By construction, the performance differences that occur between the sub-indexes and the RTL-neutral benchmark are due only to differences in rebalance schedule. Therefore, by calculating the differences in monthly returns between the sub-indexes and the RTL-neutral benchmark, we can empirically measure RTL. Specifically, we measure RTL as the annualized volatility of these differences.

Hoffstein et al (2019) derived an intuitive closed-form solution for an ex-ante estimate of RTL (Equation 1). From this equation, it becomes clear that RTL (L) is affected by a portfolio’s turnover rate (T), rebalance frequency (f), and the opportunity set allotted to the portfolio (S). [5]

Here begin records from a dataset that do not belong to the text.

(* Let $B,\alpha_+,\beta_+,\gamma_+,\delta_+,\beta_-,\gamma_-$ be real numbers with $B>\delta_+>0$, and let $I:[0,b[\to\mathbb R$ be the slow divergence integral defined in the context. If $$\big(\beta_-\ne 0 \text{ and } (\alpha_+,\gamma_-)\ne(0,0)\big)\quad\text{or}\quad\big(\beta_-=0 \text{ and } \alpha_++\gamma_-(B-\delta_+)\ne 0\big),$$ then $I$ has at most $1$ zero, counting multiplicity, in $]0,b[$. Moreover, there exist parameter values $(\beta_-,\gamma_-,B,\alpha_+,\delta_+)$ satisfying this condition for which $I$ has a simple zero in $]0,b[$. If the condition is not satisfied, then $I$ is identically zero.
   Context: Consider the planar affine vector fields $Z^-(x,y)=(-1+\beta_- y,\,-x+\gamma_- y)$ and $Z^+(x,y)=(B+\alpha_+x+\beta_+y,\,\delta_+x+\gamma_+y)$, with $B>\delta_+>0$ ($Z^+$ acts in $y>0$, $Z^-$ in $y<0$, discontinuity line $y=0$). Let $X^{sl}(u)=\frac{1}{1+\delta_+}(B-\delta_++\alpha_+u)$ (the Filippov sliding vector field on $y=0$). Poincaré half-map $\Pi$: for $x>0$ the forward orbit of $Z^-$ through $(x,0)$ enters $\{y<0\}$; when it returns to $\{y=0\}$, its first return point is $(\Pi(x),0)$ with $\Pi(x)<0$; set $\Pi(0)=0$. The domain of $\Pi$ is the set of $x\ge 0$ where it is defined (an interval containing $0$). Let $\phi:\mathbb R\to\mathbb R$ be a smooth function with $\phi'>0$, $\phi(s)\to 1$ as $s\to+\infty$, $\phi(s)\to0$ as $s\to-\infty$. The slow divergence integral is $$I(x)=(1+\delta_+)\,\phi'\!\Big(\phi^{-1}\big(\tfrac{1}{1+\delta_+}\big)\Big)\int_{\Pi(x)}^{x}\frac{u\,du}{X^{sl}(u)},$$ defined on $[0,b[$ ($b>0$ or $b=+\infty$), the largest interval of the form $[0,b[$ contained in the domain of $\Pi$ such that $X^{sl}>0$ on $[\Pi(x),x]$ for every $x\in[0,b[$. *)

theory Defs
  imports "HOL-Analysis.Analysis"
begin
locale bump_characteristics = bump_perturbation w a b p \<phi> for w a b p \<phi> +
  fixes \<xi> \<eta> :: "real \<Rightarrow> real \<Rightarrow> real"
  assumes xi_has_derivative: "\<forall>x t. ((\<lambda>\<tau>. \<xi> \<tau> x) has_real_derivative
                 (- deriv w (\<xi> t x) * \<phi> (\<xi> t x) - (\<eta> t x - w (\<xi> t x)) * deriv \<phi> (\<xi> t x))) (at t)"
    and eta_has_derivative: "\<forall>x t. ((\<lambda>\<tau>. \<eta> \<tau> x) has_real_derivative \<phi> (\<xi> t x)) (at t)"
    and initial_values: "\<forall>x. \<xi> 0 x = x \<and> \<eta> 0 x = w x"
begin

abbreviation "t\<^sub>0 \<equiv> first_time \<xi> \<eta> w \<phi>"

definition "phi_along x t = phi_deriv 0 (\<xi> t x)"
definition "excess x t = \<eta> t x - w (\<xi> t x)"
definition "level x t = excess x t / phi_along x t"
definition "xi_speed x t = - (w' (\<xi> t x) * phi_along x t) - excess x t * phi_deriv 1 (\<xi> t x)"

lemma reaches_level_iff: "phi_along x t \<noteq> 0 \<Longrightarrow>
    \<eta> t x = w (\<xi> t x) + s * \<phi> (\<xi> t x) \<longleftrightarrow> level x t = s"
  by (auto simp: level_def excess_def phi_along_def phi_eq_phi_deriv_0 field_simps)

lemma has_derivative_xi_speed: "((\<lambda>t. \<xi> t x) has_real_derivative xi_speed x t) (at t)"
  using xi_has_derivative unfolding xi_speed_def phi_along_def excess_def deriv_phi w'_def
  by (simp add: phi_eq_phi_deriv_0)

lemma xi_speed_eq: "phi_along x t \<noteq> 0 \<Longrightarrow> xi_speed x t = - phi_along x t * slope (level x t) (\<xi> t x)"
  by (simp add: xi_speed_def level_def slope_def field_simps)

lemma phi_along_has_derivative:
  "(phi_along x has_real_derivative phi_deriv 1 (\<xi> t x) * xi_speed x t) (at t)"
  unfolding phi_along_def[abs_def] by (rule DERIV_chain2[OF phi_deriv_has_derivative(1) has_derivative_xi_speed])

lemma excess_has_derivative: "(excess x has_real_derivative phi_along x t - w' (\<xi> t x) * xi_speed x t) (at t)"
  unfolding excess_def[abs_def]
  using eta_has_derivative DERIV_chain2[OF w_has_derivative has_derivative_xi_speed]
  by (auto intro!: derivative_eq_intros simp: phi_along_def phi_eq_phi_deriv_0)

lemma level_has_derivative:
  assumes "phi_along x t \<noteq> 0"
  shows "(level x has_real_derivative 1 + (slope (level x t) (\<xi> t x))\<^sup>2) (at t)"
proof -
  have "(level x has_real_derivative ((phi_along x t - w' (\<xi> t x) * xi_speed x t) * phi_along x t
      - excess x t * (phi_deriv 1 (\<xi> t x) * xi_speed x t)) / (phi_along x t * phi_along x t)) (at t)"
    unfolding level_def[abs_def]
    using DERIV_divide[OF excess_has_derivative phi_along_has_derivative assms] by simp
  moreover have "((phi_along x t - w' (\<xi> t x) * xi_speed x t) * phi_along x t
      - excess x t * (phi_deriv 1 (\<xi> t x) * xi_speed x t)) / (phi_along x t * phi_along x t)
      = 1 + (slope (level x t) (\<xi> t x))\<^sup>2"
    using assms unfolding level_def xi_speed_def slope_def by (simp add: field_simps power2_eq_square)
  ultimately show ?thesis by simp
qed

lemma continuous_on_phi_along: "continuous_on S (phi_along x)"
  by (rule DERIV_continuous_on[OF has_field_derivative_at_within[OF phi_along_has_derivative]])

lemma continuous_on_excess: "continuous_on S (excess x)"
  by (rule DERIV_continuous_on[OF has_field_derivative_at_within[OF excess_has_derivative]])

lemma continuous_on_level: "(\<And>t. t \<in> S \<Longrightarrow> phi_along x t \<noteq> 0) \<Longrightarrow> continuous_on S (level x)"
  unfolding level_def[abs_def] by (intro continuous_intros continuous_on_phi_along continuous_on_excess) auto

lemma phi_along_0: "phi_along x 0 = \<phi> x"
  using initial_values by (simp add: phi_along_def phi_eq_phi_deriv_0)

lemma excess_0: "excess x 0 = 0"
  using initial_values by (simp add: excess_def)

lemma level_0: "level x 0 = 0"
  by (simp add: level_def excess_0)

lemma level_ge_time:
  assumes "0 \<le> t" and nonzero: "\<And>\<tau>. \<tau> \<in> {0..t} \<Longrightarrow> phi_along x \<tau> \<noteq> 0"
  shows "level x t \<ge> t"
proof -
  have "level x 0 - 0 \<le> level x t - t"
  proof (rule DERIV_nonneg_imp_nondecreasing[OF assms(1)])
    fix \<tau> assume "0 \<le> \<tau>" "\<tau> \<le> t"
    then have "((\<lambda>\<tau>. level x \<tau> - \<tau>) has_real_derivative (1 + (slope (level x \<tau>) (\<xi> \<tau> x))\<^sup>2) - 1) (at \<tau>)"
      using nonzero by (intro derivative_intros level_has_derivative) auto
    then show "\<exists>y. ((\<lambda>\<tau>. level x \<tau> - \<tau>) has_real_derivative y) (at \<tau>) \<and> 0 \<le> y" by auto
  qed
  then show ?thesis by (simp add: level_0)
qed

A higher turnover rate implies that the holdings of a portfolio have a higher potential for meaningful divergence for different rebalance schedules. Consider a portfolio with 100% average annual turnover; it would follow that a portfolio such as this, with an annual rebalance schedule in January versus a portfolio rebalanced in July, would have a low level of holdings overlap, thus increasing the role of RTL in the two portfolios’ performance results. Conversely, a strategy with close to zero turnover would have a high level of holdings overlap between rebalance schedules, implying a lower amount of performance dispersion from RTL alone.

We should think of T as an intrinsic, continuous turnover rate of the strategy driven by the decay speed of the driving signals.  In practice, however, portfolios are typically refreshed at a discrete frequency (f) to balance signal freshness with implementation costs.  For faster moving signals (e.g. momentum which has a particularly short half-life as opposed to a slow signal such as value), the level of signal decay in between rebalance dates can introduce RTL into the portfolio’s performance as the signal begins to decay, favoring more recent information.

With this in mind, we also construct a number of specifications for each factor by varying (1) the number of holdings and (2) the rebalance frequency. Portfolio holdings range between 50 and 400 securities in increments of 50. Rebalance frequency is either annual, semi-annual, or quarterly. [6]

Exhibit 1 depicts the calculated RTL of the four factor portfolios for different concentration and rebalance frequency specifications. [7]


Exhibit 1

In this table, we show the empirical estimate of timing luck of Value, Momentum, Quality, and Low Volatility U.S. Large Cap equity factor portfolios for annual, semi-annual, and quarterly rebalance frequencies, varied by the number of holdings in the portfolio. The Momentum portfolio is constructed by sorting on 12-1 month realized returns; the Value portfolio is constructed by sorting on trailing twelve-month earnings yield; the Quality portfolio is constructed by sorting on the average rank of trailing twelve-month return on equity, accruals ratio (negative), and leverage ratio (negative); the Low Volatility portfolio is constructed by sorting on trailing twelve-month realized volatility (negative). The time-period for these results is July 2000 to September 2019.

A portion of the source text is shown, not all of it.